# Try it:
For the word "derivedI", count the lines in the records below that include it and give only that number.

[Stored data entries]
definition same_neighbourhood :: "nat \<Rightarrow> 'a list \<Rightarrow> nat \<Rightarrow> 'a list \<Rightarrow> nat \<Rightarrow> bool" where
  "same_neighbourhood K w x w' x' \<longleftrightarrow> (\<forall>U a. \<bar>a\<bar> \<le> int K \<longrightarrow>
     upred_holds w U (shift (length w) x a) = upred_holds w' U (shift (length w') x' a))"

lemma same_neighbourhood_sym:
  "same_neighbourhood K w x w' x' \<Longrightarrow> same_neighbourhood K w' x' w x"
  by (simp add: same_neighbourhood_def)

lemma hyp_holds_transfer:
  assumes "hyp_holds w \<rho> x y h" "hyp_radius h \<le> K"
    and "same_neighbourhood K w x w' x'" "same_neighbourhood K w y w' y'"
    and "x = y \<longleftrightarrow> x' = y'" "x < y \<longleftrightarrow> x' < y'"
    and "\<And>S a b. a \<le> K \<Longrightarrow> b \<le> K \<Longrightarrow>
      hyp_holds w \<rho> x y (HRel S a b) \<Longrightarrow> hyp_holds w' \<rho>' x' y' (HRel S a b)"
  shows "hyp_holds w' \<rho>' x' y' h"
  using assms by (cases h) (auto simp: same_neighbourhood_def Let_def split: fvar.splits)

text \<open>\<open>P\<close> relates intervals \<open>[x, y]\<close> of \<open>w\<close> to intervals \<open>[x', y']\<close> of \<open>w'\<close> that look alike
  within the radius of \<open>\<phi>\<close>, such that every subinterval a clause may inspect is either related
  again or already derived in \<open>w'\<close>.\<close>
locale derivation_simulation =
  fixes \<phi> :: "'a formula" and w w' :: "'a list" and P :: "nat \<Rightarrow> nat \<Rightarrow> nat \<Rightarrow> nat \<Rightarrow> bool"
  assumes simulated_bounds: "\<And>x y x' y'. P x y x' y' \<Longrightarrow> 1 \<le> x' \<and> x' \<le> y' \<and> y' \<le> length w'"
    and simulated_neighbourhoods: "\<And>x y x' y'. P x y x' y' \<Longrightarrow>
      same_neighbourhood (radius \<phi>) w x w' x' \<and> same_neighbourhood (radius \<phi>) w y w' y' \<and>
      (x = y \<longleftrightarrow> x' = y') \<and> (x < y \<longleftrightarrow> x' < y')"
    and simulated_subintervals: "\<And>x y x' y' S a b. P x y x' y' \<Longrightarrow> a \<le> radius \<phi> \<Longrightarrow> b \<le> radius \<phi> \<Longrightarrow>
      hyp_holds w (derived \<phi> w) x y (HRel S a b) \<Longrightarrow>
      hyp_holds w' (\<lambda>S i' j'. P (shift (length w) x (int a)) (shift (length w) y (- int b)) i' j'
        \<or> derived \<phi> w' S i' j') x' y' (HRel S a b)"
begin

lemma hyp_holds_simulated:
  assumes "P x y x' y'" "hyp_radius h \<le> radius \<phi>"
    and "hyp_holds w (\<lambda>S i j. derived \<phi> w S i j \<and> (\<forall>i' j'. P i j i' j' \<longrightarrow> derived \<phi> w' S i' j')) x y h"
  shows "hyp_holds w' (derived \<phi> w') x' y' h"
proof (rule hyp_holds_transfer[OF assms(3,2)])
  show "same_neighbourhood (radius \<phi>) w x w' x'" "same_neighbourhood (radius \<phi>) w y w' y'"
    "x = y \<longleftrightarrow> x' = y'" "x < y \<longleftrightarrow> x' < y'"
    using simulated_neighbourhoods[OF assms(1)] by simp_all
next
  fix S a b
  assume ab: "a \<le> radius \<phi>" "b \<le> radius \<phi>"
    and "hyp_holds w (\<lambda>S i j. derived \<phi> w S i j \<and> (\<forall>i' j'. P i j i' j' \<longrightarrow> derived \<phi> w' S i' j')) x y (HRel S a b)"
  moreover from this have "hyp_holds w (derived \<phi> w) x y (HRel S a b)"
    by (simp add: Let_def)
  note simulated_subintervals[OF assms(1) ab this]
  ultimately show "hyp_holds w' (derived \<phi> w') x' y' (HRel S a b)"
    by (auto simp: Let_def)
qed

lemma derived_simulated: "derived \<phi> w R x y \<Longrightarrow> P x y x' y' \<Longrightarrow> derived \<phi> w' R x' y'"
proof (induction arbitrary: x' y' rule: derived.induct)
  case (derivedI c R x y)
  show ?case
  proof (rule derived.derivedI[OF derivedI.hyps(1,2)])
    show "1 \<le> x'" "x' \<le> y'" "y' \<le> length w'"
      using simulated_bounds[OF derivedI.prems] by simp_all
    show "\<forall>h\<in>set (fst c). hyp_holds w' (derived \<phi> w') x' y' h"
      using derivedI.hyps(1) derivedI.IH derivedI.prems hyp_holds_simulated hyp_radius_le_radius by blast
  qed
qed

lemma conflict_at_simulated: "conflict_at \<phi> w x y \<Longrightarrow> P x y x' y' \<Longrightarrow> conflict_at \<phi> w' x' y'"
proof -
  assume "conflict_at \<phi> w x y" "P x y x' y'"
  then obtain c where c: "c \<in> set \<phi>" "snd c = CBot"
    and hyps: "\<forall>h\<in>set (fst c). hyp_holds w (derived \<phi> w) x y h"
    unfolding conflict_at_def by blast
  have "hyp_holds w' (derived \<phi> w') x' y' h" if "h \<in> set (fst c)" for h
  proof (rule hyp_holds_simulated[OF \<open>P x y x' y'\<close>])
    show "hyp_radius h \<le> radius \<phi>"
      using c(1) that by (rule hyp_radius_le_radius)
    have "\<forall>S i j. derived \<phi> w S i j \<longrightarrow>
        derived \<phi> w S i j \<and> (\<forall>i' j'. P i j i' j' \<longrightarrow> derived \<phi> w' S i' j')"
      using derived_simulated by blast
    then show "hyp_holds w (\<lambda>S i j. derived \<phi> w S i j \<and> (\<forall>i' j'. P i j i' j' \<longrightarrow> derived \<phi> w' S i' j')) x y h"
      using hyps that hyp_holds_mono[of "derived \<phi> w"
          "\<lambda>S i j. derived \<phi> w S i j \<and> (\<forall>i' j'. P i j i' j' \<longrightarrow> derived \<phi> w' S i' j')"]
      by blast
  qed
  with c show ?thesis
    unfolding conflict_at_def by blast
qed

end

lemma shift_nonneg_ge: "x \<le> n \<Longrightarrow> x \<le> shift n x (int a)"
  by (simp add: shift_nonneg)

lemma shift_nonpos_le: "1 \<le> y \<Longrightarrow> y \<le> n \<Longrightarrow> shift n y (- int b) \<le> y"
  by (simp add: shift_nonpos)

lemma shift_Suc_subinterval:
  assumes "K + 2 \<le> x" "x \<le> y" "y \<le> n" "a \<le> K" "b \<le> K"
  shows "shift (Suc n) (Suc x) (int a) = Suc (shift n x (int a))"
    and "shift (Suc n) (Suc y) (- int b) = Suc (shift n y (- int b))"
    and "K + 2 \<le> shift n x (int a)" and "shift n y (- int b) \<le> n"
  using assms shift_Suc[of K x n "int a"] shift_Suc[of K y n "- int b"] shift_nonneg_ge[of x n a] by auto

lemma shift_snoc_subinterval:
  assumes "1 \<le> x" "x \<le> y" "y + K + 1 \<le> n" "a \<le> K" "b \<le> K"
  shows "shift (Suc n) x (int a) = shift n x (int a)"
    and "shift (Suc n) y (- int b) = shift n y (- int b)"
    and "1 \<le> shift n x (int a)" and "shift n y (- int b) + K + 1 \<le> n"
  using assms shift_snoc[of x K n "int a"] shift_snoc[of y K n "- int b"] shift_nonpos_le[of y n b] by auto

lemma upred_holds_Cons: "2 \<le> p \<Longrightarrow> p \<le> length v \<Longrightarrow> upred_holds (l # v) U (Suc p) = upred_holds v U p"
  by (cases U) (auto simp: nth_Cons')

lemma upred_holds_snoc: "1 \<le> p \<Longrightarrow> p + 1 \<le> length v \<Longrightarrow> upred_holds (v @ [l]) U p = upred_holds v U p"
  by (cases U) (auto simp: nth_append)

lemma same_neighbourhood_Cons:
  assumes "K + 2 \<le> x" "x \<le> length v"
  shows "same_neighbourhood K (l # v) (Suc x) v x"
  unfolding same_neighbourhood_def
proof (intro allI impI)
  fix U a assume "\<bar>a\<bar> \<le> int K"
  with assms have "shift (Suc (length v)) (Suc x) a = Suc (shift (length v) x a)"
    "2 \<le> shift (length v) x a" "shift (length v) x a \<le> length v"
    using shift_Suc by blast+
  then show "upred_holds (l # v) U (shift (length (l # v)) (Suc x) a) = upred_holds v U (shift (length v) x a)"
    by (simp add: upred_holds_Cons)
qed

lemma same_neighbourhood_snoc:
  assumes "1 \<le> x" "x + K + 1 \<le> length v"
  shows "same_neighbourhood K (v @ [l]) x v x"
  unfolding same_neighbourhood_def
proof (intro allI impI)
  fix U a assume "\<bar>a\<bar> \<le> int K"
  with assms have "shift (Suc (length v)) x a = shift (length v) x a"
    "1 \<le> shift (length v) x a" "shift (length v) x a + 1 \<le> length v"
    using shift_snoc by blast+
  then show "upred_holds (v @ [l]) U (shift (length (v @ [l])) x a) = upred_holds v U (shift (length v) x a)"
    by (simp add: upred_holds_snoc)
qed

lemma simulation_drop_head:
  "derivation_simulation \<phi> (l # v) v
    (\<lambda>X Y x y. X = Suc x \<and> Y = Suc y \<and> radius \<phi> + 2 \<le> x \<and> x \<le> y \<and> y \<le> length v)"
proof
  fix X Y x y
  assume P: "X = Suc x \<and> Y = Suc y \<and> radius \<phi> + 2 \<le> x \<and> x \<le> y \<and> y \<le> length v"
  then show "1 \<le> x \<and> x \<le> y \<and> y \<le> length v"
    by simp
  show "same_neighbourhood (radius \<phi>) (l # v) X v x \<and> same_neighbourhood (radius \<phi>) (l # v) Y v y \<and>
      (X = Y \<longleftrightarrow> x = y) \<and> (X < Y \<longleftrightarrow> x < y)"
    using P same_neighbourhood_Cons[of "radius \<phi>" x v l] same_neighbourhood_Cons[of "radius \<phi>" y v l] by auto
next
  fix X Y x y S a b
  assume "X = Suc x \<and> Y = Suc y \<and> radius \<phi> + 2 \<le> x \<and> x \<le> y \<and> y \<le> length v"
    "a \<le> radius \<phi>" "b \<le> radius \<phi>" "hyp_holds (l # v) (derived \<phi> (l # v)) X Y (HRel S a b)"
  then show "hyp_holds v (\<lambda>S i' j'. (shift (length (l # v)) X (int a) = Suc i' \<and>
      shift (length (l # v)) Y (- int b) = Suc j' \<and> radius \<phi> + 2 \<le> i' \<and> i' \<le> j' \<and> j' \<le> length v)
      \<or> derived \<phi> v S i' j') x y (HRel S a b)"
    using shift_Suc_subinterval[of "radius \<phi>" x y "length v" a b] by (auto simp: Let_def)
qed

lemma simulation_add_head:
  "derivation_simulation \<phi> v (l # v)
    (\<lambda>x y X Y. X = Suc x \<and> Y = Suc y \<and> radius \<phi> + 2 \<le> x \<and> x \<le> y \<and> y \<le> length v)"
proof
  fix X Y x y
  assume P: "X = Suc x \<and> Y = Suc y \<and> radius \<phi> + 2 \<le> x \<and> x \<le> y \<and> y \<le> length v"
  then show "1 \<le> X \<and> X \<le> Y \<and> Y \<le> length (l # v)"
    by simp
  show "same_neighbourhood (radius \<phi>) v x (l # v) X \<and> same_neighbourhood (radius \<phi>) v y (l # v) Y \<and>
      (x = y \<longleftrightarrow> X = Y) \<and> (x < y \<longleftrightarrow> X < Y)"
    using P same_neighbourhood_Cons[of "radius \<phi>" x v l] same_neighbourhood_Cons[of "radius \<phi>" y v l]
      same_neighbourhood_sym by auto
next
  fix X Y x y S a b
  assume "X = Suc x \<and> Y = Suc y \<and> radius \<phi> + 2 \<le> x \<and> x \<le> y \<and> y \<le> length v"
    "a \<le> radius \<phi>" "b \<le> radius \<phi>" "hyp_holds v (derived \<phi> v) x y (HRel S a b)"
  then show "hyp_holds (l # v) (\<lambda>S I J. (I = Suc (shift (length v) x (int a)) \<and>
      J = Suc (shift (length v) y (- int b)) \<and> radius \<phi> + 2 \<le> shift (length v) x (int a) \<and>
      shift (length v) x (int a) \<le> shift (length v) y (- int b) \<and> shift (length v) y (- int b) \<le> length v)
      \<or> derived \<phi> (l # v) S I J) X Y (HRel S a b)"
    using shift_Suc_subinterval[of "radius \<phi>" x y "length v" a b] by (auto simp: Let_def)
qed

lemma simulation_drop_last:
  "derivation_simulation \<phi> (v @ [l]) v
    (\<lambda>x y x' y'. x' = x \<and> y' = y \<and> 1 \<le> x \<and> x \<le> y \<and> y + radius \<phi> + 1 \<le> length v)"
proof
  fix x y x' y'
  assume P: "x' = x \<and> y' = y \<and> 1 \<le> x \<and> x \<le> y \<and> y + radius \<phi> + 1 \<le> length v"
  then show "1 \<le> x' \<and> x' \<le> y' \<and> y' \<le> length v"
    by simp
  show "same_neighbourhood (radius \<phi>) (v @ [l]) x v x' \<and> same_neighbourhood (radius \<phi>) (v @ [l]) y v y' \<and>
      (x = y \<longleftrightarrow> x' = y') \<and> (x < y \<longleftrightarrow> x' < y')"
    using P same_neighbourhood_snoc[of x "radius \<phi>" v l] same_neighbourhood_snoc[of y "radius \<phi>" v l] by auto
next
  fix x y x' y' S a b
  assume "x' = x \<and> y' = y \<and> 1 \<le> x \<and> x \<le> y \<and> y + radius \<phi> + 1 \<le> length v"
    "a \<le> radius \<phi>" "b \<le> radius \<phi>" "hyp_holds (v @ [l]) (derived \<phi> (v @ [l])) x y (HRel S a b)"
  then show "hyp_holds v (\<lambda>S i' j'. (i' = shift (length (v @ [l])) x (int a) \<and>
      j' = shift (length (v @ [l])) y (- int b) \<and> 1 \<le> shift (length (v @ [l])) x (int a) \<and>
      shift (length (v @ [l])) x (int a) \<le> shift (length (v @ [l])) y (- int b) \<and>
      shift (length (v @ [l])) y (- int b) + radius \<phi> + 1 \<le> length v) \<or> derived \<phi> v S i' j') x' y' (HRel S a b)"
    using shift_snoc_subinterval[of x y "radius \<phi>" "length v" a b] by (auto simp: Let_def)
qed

# Solution for this problem:
4